** Opening DATA RECORDS block **

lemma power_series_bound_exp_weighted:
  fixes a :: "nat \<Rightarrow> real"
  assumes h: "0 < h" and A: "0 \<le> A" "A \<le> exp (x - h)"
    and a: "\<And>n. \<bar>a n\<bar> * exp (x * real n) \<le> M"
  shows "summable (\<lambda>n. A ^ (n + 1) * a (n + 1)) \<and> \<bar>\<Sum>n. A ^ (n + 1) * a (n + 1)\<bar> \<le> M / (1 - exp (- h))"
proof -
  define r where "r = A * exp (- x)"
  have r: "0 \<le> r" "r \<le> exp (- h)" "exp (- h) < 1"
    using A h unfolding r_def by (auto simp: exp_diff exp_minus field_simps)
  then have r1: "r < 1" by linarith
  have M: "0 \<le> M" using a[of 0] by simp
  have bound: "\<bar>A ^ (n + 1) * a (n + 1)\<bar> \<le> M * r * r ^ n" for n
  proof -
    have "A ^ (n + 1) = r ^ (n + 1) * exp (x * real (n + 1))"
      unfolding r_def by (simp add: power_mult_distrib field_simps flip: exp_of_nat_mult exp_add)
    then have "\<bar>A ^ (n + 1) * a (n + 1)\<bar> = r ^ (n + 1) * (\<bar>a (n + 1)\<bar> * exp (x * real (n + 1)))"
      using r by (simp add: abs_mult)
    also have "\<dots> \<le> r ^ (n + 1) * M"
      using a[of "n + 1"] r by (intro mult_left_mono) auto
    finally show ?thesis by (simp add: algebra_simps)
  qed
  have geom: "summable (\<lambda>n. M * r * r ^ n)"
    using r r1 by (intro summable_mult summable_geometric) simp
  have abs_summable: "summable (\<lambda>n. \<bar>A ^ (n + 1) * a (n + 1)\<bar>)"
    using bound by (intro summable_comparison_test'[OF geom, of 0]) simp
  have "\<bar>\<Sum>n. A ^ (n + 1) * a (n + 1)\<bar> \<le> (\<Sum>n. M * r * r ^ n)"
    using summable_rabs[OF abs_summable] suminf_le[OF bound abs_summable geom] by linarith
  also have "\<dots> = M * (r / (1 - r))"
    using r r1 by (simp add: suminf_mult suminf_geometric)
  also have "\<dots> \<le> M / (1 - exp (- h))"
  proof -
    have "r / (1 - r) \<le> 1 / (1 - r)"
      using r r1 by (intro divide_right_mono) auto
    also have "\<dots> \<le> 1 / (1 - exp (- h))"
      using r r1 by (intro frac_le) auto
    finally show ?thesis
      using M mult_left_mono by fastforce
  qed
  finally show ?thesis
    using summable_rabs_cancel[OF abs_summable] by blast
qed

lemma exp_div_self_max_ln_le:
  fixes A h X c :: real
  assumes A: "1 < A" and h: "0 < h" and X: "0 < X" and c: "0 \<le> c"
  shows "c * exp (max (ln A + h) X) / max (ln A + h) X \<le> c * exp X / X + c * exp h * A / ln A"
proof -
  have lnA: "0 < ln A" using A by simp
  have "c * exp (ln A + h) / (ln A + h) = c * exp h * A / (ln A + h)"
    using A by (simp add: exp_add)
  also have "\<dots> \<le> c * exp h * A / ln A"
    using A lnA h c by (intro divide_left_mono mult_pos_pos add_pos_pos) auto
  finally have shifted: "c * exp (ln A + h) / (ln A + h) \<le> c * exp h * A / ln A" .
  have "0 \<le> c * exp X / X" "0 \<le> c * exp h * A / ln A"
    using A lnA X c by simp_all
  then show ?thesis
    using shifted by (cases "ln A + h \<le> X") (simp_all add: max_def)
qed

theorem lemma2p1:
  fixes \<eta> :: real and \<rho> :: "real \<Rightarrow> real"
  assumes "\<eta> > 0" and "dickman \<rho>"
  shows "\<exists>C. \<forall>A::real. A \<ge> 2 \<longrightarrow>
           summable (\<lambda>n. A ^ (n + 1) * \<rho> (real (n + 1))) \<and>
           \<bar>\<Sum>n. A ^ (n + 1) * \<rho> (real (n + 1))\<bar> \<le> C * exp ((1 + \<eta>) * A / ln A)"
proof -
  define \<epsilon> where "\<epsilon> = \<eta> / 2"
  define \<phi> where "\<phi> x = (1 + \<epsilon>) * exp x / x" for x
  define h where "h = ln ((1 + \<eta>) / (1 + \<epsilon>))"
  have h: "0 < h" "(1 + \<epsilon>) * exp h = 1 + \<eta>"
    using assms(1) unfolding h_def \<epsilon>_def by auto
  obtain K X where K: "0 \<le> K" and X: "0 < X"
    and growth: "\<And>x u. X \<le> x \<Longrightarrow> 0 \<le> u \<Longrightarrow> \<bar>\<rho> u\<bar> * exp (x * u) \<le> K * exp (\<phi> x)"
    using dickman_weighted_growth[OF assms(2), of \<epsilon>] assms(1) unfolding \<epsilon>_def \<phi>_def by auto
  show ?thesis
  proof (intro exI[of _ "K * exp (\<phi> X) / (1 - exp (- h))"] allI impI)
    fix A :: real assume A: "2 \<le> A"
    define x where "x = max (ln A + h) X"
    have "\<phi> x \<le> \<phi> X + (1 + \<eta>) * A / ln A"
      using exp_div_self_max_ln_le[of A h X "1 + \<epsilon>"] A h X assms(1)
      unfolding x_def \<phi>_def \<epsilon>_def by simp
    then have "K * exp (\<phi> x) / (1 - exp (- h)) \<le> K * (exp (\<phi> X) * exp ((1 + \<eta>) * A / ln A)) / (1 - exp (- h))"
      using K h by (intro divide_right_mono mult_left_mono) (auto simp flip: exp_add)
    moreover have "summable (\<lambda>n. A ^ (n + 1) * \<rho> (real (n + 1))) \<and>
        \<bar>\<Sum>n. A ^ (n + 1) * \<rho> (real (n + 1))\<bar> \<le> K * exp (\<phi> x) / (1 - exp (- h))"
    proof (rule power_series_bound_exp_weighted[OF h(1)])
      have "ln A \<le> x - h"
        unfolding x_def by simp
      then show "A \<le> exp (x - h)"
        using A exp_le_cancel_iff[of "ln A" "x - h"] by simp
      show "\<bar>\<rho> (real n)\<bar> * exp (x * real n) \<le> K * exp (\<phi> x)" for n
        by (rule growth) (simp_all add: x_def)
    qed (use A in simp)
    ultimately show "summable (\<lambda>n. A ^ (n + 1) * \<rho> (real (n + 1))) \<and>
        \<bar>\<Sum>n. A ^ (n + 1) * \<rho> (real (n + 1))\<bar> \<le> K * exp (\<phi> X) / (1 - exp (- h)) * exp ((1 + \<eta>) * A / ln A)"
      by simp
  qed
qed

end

** Closing DATA RECORDS block **
** Opening DATA RECORDS block **

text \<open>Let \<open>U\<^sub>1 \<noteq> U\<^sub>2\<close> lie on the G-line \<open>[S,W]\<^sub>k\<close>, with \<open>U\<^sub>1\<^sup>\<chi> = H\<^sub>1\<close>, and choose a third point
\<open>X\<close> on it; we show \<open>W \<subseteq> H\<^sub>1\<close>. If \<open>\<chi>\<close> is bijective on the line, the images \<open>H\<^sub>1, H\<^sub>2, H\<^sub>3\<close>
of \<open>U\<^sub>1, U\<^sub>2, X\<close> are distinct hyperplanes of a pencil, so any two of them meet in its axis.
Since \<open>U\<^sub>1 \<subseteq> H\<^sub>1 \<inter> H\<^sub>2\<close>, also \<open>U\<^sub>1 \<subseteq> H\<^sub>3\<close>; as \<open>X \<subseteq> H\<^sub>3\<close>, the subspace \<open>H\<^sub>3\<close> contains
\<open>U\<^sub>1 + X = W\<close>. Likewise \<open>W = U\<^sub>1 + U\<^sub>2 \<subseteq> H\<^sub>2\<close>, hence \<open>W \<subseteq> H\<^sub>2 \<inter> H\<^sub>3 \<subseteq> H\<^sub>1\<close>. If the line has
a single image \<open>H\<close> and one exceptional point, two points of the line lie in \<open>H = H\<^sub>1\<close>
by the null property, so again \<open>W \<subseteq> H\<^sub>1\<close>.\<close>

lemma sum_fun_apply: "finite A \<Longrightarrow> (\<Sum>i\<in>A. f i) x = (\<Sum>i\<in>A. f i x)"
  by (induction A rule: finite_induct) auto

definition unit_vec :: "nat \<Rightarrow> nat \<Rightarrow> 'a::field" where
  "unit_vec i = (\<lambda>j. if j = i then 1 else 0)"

** Closing DATA RECORDS block **

WORK REQUEST
Return a copy of every line in the records that includes the string "assumes".

RESULT OF THE EXERCISE
  assumes h: "0 < h" and A: "0 \<le> A" "A \<le> exp (x - h)"
  assumes A: "1 < A" and h: "0 < h" and X: "0 < X" and c: "0 \<le> c"
  assumes "\<eta> > 0" and "dickman \<rho>"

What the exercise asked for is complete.